[Opening Data shown section]

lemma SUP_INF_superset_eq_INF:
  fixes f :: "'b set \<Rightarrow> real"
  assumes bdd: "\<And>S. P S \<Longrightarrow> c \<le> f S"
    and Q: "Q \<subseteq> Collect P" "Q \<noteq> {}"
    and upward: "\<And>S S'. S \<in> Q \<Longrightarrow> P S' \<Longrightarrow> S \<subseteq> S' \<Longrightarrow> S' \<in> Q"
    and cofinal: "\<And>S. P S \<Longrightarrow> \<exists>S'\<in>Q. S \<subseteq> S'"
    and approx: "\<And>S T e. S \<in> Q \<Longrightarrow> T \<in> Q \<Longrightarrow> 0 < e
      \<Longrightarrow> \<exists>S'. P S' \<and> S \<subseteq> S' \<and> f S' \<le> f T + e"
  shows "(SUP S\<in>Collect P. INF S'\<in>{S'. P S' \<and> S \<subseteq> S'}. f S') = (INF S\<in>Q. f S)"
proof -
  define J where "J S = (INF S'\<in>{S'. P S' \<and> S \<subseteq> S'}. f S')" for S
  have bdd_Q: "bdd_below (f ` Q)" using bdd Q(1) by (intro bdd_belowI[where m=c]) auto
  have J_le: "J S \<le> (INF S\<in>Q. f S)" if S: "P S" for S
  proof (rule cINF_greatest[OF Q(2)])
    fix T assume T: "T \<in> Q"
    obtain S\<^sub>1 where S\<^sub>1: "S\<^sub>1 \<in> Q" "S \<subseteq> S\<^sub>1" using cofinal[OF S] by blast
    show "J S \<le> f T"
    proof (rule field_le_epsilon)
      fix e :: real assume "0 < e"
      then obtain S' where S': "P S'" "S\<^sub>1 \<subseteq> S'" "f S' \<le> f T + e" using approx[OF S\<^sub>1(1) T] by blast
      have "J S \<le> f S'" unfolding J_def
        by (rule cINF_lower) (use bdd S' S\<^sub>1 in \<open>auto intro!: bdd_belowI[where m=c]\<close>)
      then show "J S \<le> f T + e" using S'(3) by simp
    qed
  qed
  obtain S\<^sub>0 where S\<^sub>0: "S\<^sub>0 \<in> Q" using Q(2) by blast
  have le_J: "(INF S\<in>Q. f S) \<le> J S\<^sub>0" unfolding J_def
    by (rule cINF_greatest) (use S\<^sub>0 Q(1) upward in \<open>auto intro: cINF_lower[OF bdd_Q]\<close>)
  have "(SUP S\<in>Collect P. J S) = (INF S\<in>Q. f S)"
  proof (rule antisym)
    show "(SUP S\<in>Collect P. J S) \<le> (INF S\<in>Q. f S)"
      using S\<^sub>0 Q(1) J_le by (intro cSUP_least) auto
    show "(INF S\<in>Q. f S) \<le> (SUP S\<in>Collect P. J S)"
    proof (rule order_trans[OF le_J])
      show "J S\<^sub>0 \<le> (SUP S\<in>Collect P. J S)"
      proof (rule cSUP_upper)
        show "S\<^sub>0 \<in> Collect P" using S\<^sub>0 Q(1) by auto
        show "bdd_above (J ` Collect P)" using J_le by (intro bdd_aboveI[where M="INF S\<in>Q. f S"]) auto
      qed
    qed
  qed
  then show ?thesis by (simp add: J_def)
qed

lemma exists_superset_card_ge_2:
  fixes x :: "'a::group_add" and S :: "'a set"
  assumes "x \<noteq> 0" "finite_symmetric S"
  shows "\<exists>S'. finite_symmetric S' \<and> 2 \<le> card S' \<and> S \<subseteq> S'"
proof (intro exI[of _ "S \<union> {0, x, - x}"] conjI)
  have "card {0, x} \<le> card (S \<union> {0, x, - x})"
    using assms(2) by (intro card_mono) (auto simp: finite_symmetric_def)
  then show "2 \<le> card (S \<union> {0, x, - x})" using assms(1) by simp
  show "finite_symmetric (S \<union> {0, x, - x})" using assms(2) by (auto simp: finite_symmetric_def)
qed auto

[Closing Data shown section]
[Opening Data shown section]

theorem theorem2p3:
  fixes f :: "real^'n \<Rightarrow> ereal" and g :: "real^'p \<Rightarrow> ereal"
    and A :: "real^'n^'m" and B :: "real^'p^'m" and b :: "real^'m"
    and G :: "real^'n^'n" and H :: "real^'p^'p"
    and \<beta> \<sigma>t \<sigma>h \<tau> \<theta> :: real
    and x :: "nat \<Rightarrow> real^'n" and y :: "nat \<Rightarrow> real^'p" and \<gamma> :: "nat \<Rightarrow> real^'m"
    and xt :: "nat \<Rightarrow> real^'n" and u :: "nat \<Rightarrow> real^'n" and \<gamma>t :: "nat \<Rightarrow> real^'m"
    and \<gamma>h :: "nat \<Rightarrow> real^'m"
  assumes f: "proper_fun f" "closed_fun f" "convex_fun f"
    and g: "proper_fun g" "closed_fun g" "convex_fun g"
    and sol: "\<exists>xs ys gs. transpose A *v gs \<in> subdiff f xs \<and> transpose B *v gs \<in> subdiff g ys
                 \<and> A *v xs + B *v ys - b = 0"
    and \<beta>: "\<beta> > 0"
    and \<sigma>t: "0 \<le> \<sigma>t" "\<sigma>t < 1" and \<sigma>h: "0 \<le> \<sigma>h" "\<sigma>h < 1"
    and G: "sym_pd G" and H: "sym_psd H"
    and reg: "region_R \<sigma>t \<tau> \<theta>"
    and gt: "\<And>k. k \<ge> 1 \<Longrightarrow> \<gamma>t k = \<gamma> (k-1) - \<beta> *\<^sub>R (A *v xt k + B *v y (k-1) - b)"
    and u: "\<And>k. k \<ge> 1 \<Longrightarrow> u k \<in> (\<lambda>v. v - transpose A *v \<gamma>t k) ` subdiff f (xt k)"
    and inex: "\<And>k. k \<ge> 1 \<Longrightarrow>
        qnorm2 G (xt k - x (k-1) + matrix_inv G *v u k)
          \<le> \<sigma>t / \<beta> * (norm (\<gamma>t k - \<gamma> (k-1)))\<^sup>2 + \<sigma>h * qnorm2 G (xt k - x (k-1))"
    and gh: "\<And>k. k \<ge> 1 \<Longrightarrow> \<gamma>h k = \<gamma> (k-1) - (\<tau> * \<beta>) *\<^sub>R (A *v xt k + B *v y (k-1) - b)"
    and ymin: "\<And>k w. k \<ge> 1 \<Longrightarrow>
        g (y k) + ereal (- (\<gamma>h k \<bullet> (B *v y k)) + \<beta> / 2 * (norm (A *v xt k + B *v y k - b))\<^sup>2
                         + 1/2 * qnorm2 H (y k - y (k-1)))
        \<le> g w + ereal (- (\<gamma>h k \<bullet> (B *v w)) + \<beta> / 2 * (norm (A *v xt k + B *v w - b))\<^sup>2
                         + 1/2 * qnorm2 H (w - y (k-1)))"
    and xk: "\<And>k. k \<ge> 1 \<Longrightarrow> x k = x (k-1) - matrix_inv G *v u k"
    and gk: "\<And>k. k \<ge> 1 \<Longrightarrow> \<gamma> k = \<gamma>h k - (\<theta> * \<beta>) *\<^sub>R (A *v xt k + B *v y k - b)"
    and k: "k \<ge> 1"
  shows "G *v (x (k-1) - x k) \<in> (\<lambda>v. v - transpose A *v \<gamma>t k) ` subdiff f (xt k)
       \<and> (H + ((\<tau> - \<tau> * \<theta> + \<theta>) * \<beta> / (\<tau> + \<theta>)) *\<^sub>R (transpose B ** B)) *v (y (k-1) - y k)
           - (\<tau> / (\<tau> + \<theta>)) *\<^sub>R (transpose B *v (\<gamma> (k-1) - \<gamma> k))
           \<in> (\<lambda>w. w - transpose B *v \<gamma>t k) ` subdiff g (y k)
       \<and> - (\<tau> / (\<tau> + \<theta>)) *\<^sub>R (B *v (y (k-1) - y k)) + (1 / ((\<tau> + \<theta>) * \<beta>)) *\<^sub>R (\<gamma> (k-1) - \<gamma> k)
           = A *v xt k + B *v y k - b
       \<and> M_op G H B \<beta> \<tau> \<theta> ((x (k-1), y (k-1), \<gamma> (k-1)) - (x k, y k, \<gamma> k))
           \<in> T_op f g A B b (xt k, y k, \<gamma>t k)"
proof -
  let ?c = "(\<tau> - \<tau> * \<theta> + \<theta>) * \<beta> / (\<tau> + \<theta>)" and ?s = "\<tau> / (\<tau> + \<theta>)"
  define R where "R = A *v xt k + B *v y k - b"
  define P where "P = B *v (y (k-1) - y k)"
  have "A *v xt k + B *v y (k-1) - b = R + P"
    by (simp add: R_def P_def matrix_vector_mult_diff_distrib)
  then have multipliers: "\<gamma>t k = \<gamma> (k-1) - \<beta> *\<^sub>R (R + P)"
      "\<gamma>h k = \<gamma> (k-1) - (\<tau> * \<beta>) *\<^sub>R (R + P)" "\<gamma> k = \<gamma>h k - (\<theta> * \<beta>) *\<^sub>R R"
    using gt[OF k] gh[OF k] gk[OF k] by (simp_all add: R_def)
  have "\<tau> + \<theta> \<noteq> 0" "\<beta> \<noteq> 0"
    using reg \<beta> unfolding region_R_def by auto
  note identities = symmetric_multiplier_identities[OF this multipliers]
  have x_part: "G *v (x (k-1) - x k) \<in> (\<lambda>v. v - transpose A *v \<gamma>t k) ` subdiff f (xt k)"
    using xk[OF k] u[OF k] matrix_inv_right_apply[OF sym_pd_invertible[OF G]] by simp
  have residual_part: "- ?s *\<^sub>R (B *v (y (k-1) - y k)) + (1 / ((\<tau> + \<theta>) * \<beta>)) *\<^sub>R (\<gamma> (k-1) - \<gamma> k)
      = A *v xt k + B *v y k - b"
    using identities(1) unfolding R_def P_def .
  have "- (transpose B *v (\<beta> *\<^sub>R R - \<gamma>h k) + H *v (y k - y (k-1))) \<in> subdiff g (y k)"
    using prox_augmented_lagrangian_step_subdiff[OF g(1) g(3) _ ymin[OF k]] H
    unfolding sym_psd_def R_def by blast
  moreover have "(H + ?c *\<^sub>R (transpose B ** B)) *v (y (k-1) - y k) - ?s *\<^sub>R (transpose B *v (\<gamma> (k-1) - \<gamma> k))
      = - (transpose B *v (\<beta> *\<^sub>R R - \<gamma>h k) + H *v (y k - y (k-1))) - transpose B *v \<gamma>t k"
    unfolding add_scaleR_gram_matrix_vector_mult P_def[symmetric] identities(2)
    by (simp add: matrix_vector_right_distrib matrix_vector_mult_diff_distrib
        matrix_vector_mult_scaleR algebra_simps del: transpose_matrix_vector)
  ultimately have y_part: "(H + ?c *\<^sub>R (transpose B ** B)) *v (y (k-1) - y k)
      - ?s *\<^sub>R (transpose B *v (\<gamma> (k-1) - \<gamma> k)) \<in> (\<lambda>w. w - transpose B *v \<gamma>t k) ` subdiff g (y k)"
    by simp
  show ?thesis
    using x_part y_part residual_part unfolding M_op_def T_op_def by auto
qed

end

[Closing Data shown section]

> _Activity_: For this task, write out exactly the lines of the entries above, starting at the line with "by (rule cINF_lower)" and ending at the line with "obtain S\<^sub>0 where", both included, and no others.

> _Response_:
        by (rule cINF_lower) (use bdd S' S\<^sub>1 in \<open>auto intro!: bdd_belowI[where m=c]\<close>)
      then show "J S \<le> f T + e" using S'(3) by simp
    qed
  qed
  obtain S\<^sub>0 where S\<^sub>0: "S\<^sub>0 \<in> Q" using Q(2) by blast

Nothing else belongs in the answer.